Различные протестантские церкви Северо-Западной Европы не имели таких козырей. В Германии значительная часть некатолического населения теперь находилась под властью коммунистов. В любом случае положение немецких евангелических церквей было несколько подорвано их компромиссом с Гитлером, что наполовину признало «Штутгартское покаяние» протестантских лидеров в 1945 году. Но главная проблема, как в Западной Германии, так и в других местах, заключалась в том, что протестантские церкви предлагали не альтернативу современному миру, а скорее способ жить в гармонии с ним.

Духовный авторитет протестантского пастора или англиканского викария по традиции выступал не как конкурент государству, а скорее как его младший партнер. И это одна из причин, почему протестантские церкви Центральной Европы не смогли противостоять давлению коммунистов в эти годы. Но в то время, когда западноевропейское государство начало играть гораздо более активную роль в качестве духовного и материального опекуна своих граждан, различие между церковью и государством как арбитрами общественных нравов и морали стало размываться. Таким образом, конец 1940-х и начало 1950-х годов представляют собой переходную эпоху, в которой еще господствовали условности социального уважения и притязания на ранги и власть, но современное государство начало вытеснять церковь и даже класс с позиции арбитра коллективного поведения.

Характер эпохи прекрасно отражен в буклете с инструкциями (BBC Variety Programmes. Policy Guide for Writers and Producers[262], 1948), подготовленном BBC для внутреннего использования в 1948 году. Моральная ответственность, которую корпорация общественного вещания решила возложить на себя, здесь выражена абсолютно прямо: «Влияние, которое ВВС может оказать на слушателей, огромно, и ответственность за высокий стандарт вкуса соответственно высока». Шутки о религии были запрещены, непозволительно было описывать старомодный музыкальный вкус как «До Кросби»[263]. Не должно было быть никаких упоминаний о «туалетах» и шуток о «женственности мужчин». Писателям запрещалось использовать шутки, ставшие популярными в непринужденной обстановке войны, или делать двусмысленные намеки на женское нижнее белье в стиле «зима наступает»[264]. Сексуальные намеки любого рода были запрещены: не должно было быть и речи о «кроликах» или прочих «привычках животных»[265].

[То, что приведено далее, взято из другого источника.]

lemma meval_mvar [simp]: "meval y (mvar i) = y i"
  by (simp add: mvar_def meval_single monom_val_def)

lemma polys_over_add:
  "subfield K \<Longrightarrow> p \<in> polys_over K m \<Longrightarrow> q \<in> polys_over K m \<Longrightarrow> p + q \<in> polys_over K m"
  unfolding polys_over_def by (auto intro: polys_in_add subfield_add simp: lookup_add)

lemma polys_over_mult:
  assumes K: "subfield K" and p: "p \<in> polys_over K m" and q: "q \<in> polys_over K m"
  shows "p * q \<in> polys_over K m"
proof -
  have "p * q = (\<Sum>a\<in>Poly_Mapping.keys p. \<Sum>b\<in>Poly_Mapping.keys q.
      Poly_Mapping.single (a + b) (Poly_Mapping.lookup p a * Poly_Mapping.lookup q b))"
    by (subst poly_mapping_eq_sum_single[of p], subst poly_mapping_eq_sum_single[of q])
      (simp add: sum_distrib_left sum_distrib_right mult_single, rule sum.swap)
  then have "Poly_Mapping.lookup (p * q) mo = (\<Sum>a\<in>Poly_Mapping.keys p. \<Sum>b\<in>Poly_Mapping.keys q.
      (Poly_Mapping.lookup p a * Poly_Mapping.lookup q b when a + b = mo))" for mo
    by (simp add: lookup_sum lookup_single)
  moreover have "(\<Sum>a\<in>Poly_Mapping.keys p. \<Sum>b\<in>Poly_Mapping.keys q.
      (Poly_Mapping.lookup p a * Poly_Mapping.lookup q b when a + b = mo)) \<in> K" for mo
    using p q K by (intro subfield_sum) (auto simp: when_def polys_over_def subfield_def)
  ultimately show ?thesis
    using p q polys_in_mult unfolding polys_over_def by auto
qed

lemma polys_over_single:
  "Poly_Mapping.keys mo \<subseteq> {..<m} \<Longrightarrow> subfield K \<Longrightarrow> c \<in> K \<Longrightarrow> Poly_Mapping.single mo c \<in> polys_over K m"
  unfolding polys_over_def by (auto intro: polys_in_single simp: lookup_single when_def subfield_def)

lemma polys_over_mconst: "subfield K \<Longrightarrow> c \<in> K \<Longrightarrow> mconst c \<in> polys_over K m"
  unfolding mconst_def by (rule polys_over_single) auto

lemma polys_over_one: "subfield K \<Longrightarrow> 1 \<in> polys_over K m"
  using polys_over_mconst[of K 1] by (simp add: subfield_one)

lemma polys_over_mvar: "i < m \<Longrightarrow> subfield K \<Longrightarrow> mvar i \<in> polys_over K m"
  unfolding mvar_def by (rule polys_over_single) (auto simp: subfield_def)

definition rational_values :: "'f::field set \<Rightarrow> nat \<Rightarrow> (nat \<Rightarrow> 'f) \<Rightarrow> 'f set" where
  "rational_values K m y = {z. \<exists>a\<in>polys_over K m. \<exists>b\<in>polys_over K m.
      meval y b \<noteq> 0 \<and> z = meval y a / meval y b}"

lemma rational_valuesI:
  "a \<in> polys_over K m \<Longrightarrow> b \<in> polys_over K m \<Longrightarrow> meval y b \<noteq> 0 \<Longrightarrow> z = meval y a / meval y b
    \<Longrightarrow> z \<in> rational_values K m y"
  unfolding rational_values_def by blast

lemma rational_values_const: "subfield K \<Longrightarrow> c \<in> K \<Longrightarrow> c \<in> rational_values K m y"
  by (rule rational_valuesI[of "mconst c" _ _ 1]) (simp_all add: polys_over_mconst polys_over_one)

lemma rational_values_var: "subfield K \<Longrightarrow> k < m \<Longrightarrow> y k \<in> rational_values K m y"
  by (rule rational_valuesI[of "mvar k" _ _ 1]) (simp_all add: polys_over_mvar polys_over_one)

lemma subfield_rational_values:
  assumes K: "subfield K"
  shows "subfield (rational_values K m y)"
  unfolding subfield_def
proof (intro conjI ballI)
  show "0 \<in> rational_values K m y" "1 \<in> rational_values K m y"
    using K by (simp_all add: rational_values_const subfield_zero subfield_one)
next
  fix z1 z2 assume "z1 \<in> rational_values K m y" "z2 \<in> rational_values K m y"
  then obtain a1 b1 a2 b2 where
    ab: "a1 \<in> polys_over K m" "b1 \<in> polys_over K m" "a2 \<in> polys_over K m" "b2 \<in> polys_over K m"
    and nz: "meval y b1 \<noteq> 0" "meval y b2 \<noteq> 0"
    and z: "z1 = meval y a1 / meval y b1" "z2 = meval y a2 / meval y b2"
    unfolding rational_values_def by blast
  show "z1 + z2 \<in> rational_values K m y"
    by (rule rational_valuesI[of "a1 * b2 + a2 * b1" _ _ "b1 * b2"])
      (use ab nz K in \<open>auto simp: z meval_add meval_mult field_simps
        intro!: polys_over_add polys_over_mult\<close>)
  show "z1 * z2 \<in> rational_values K m y"
    by (rule rational_valuesI[of "a1 * a2" _ _ "b1 * b2"])
      (use ab nz K in \<open>auto simp: z meval_mult intro!: polys_over_mult\<close>)
next
  fix z assume "z \<in> rational_values K m y"
  then obtain a b where ab: "a \<in> polys_over K m" "b \<in> polys_over K m"
    and nz: "meval y b \<noteq> 0" and z: "z = meval y a / meval y b"
    unfolding rational_values_def by blast
  show "- z \<in> rational_values K m y"
    by (rule rational_valuesI[of "mconst (- 1) * a" _ _ b])
      (use ab nz K in \<open>auto simp: z meval_mult
        intro!: polys_over_mult polys_over_mconst subfield_uminus subfield_one\<close>)
  show "inverse z \<in> rational_values K m y"
  proof (cases "meval y a = 0")
    case True
    then show ?thesis using K by (simp add: z rational_values_const subfield_zero)
  next
    case False
    then show ?thesis by (intro rational_valuesI[of b _ _ a]) (simp_all add: ab nz z)
  qed
qed

section \<open>Integer matrices\<close>

lemma GL_int_id: "GL_int n (\<lambda>i j. if i = j then 1 else 0)"
  unfolding GL_int_def
  by (rule exI[of _ "\<lambda>i j. if i = j then 1 else 0"])
    (simp add: if_distrib[of "\<lambda>x. x * _"] sum.delta cong: if_cong)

Более того, члены парламента не должны были появляться в радиопрограммах, которые могли быть «недостойными или неподходящими» для общественных деятелей, а также не допускались никакие шутки или отсылки, которые могли бы способствовать «забастовкам или трудовым спорам, черному рынку, пройдохам и тунеядцам». Термины – «пройдоха» и «тунеядец», обозначающие бездельников и мелких преступников, «черный рынок» как универсальный термин для торговцев и клиентов, обходящих нормирование и другие ограничения, – показывают, что Британия, по крайней мере, несколько лет жила в тени войны. Еще в 1950-х годах BBC могла объявить выговор продюсеру Питеру Этону, создателю популярной радиокомедии The Goon Show, за то, что он позволил наградить «Майора Денниса Блуднока» (которого играет Питер Селлерс) орденом Британской империи за «опустошение мусорных баков в пылу битвы» (и за разрешение актеру «имитировать голос королевы, пытающейся отпугнуть голубей на Трафальгарской площади»).

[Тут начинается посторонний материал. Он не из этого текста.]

(* Let $G$ be a group, let $K$ be an uncountable algebraically closed field, and let $A$ be an affine algebraic set over $K$. Then every algebraic cellular automaton $\tau\colon A^G\to A^G$ has the closed image property: its image $\tau(A^G)$ is a closed subset of $A^G$ with respect to the prodiscrete topology.
   Context: For a group $G$ and a set $A$, $A^G$ is the set of maps $x\colon G\to A$ (configurations), with the $G$-shift $(gx)(h)=x(g^{-1}h)$. The prodiscrete topology on $A^G$ is the product topology where each factor $A$ carries the discrete topology. For $x\in A^G$ and $\Omega\subset G$, $x|_\Omega$ denotes the restriction. A cellular automaton is a map $\tau\colon A^G\to A^G$ for which there exist a finite subset $M\subset G$ (a memory set) and a map $\mu\colon A^M\to A$ (the local defining map) with $\tau(x)(g)=\mu((g^{-1}x)|_M)$ for all $x\in A^G$, $g\in G$. An affine algebraic set over a field $K$ is the common zero set in $K^m$ of a set of polynomials in $K[t_1,\dots,t_m]$; a map between affine algebraic sets $V\subset K^m$, $W\subset K^n$ is regular if it is the restriction of a polynomial map $K^m\to K^n$. For finite $M$, $A^M$ is an affine algebraic set (a finite Cartesian power of $A$). A cellular automaton $\tau\colon A^G\to A^G$ with $A$ an affine algebraic set over $K$ is algebraic if for some (equivalently any) memory set $M$ the local defining map $\mu\colon A^M\to A$ is regular. *)

theory Defs
  imports "HOL-Analysis.Analysis" "HOL-Computational_Algebra.Polynomial"
begin

inductive_set polyfun :: "'v set \<Rightarrow> (('v \<Rightarrow> 'k::comm_ring_1) \<Rightarrow> 'k) set"
  for V :: "'v set" where
  const: "(\<lambda>_. c) \<in> polyfun V"
| var: "i \<in> V \<Longrightarrow> (\<lambda>x. x i) \<in> polyfun V"
| add: "p \<in> polyfun V \<Longrightarrow> q \<in> polyfun V \<Longrightarrow> (\<lambda>x. p x + q x) \<in> polyfun V"
| mult: "p \<in> polyfun V \<Longrightarrow> q \<in> polyfun V \<Longrightarrow> (\<lambda>x. p x * q x) \<in> polyfun V"

text \<open>Affine algebraic set in K^n, n = CARD('n): common zero set of a set of polynomials.\<close>
definition affine_algebraic_set :: "('n::finite \<Rightarrow> 'k::field) set \<Rightarrow> bool" where
  "affine_algebraic_set A \<longleftrightarrow>
     (\<exists>S. S \<subseteq> polyfun (UNIV :: 'n set) \<and> A = {x. \<forall>f\<in>S. f x = 0})"

definition configs :: "'a set \<Rightarrow> ('g \<Rightarrow> 'a) set" where
  "configs A = {x. \<forall>g. x g \<in> A}"

text \<open>Shift: (g x)(h) = x(g^{-1} h); the group G is written additively (group_add, not
  necessarily commutative).\<close>
definition shift :: "'g::group_add \<Rightarrow> ('g \<Rightarrow> 'a) \<Rightarrow> ('g \<Rightarrow> 'a)" where
  "shift g x = (\<lambda>h. x (- g + h))"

Такая строгость и сопровождающая ее нотка застегнутого на все пуговицы реформизма эдвардианской эпохи, возможно, были в целом характерны для Британии. Но этот тон сделался присущ всему европейскому региону. В школе, в церкви, на государственном радио, в уверенном, покровительственном стиле газет и даже бульварной прессы, а также в речах и одежде общественных деятелей европейцы по-прежнему во многом следовали привычкам и правилам более раннего времени. Мы уже отмечали, сколько политических лидеров того времени были людьми другой эпохи: британец Клемент Эттли вполне вписался бы в викторианскую миссию в промышленных трущобах, и вполне уместно, что премьер-министр, курировавший переход британской политики к современному государству всеобщего благосостояния, начал общественную карьеру в Ист-Энде перед Первой мировой войной.

Этому образу старой Европы – движущейся в темпе прежних дней, одновременно измененной войной и ограниченной довоенными распорядками и привычками – мы должны противопоставить безошибочно современную форму ее основного источника развлечений. Наступил золотой век кинематографа. В Британии посещаемость кинотеатров достигла пика вскоре после окончания войны: в 1946 году в пяти тысячах кинотеатров страны было продано 1,7 миллиона билетов. В тот год каждый третий ходил в местный кинотеатр раз в неделю. Даже в 1950 году, когда посещаемость уже начала снижаться, средний англичанин, мужчина или женщина, ходил в кино 28 раз в год, и эта цифра была почти на 40 % выше, чем в последний предвоенный год.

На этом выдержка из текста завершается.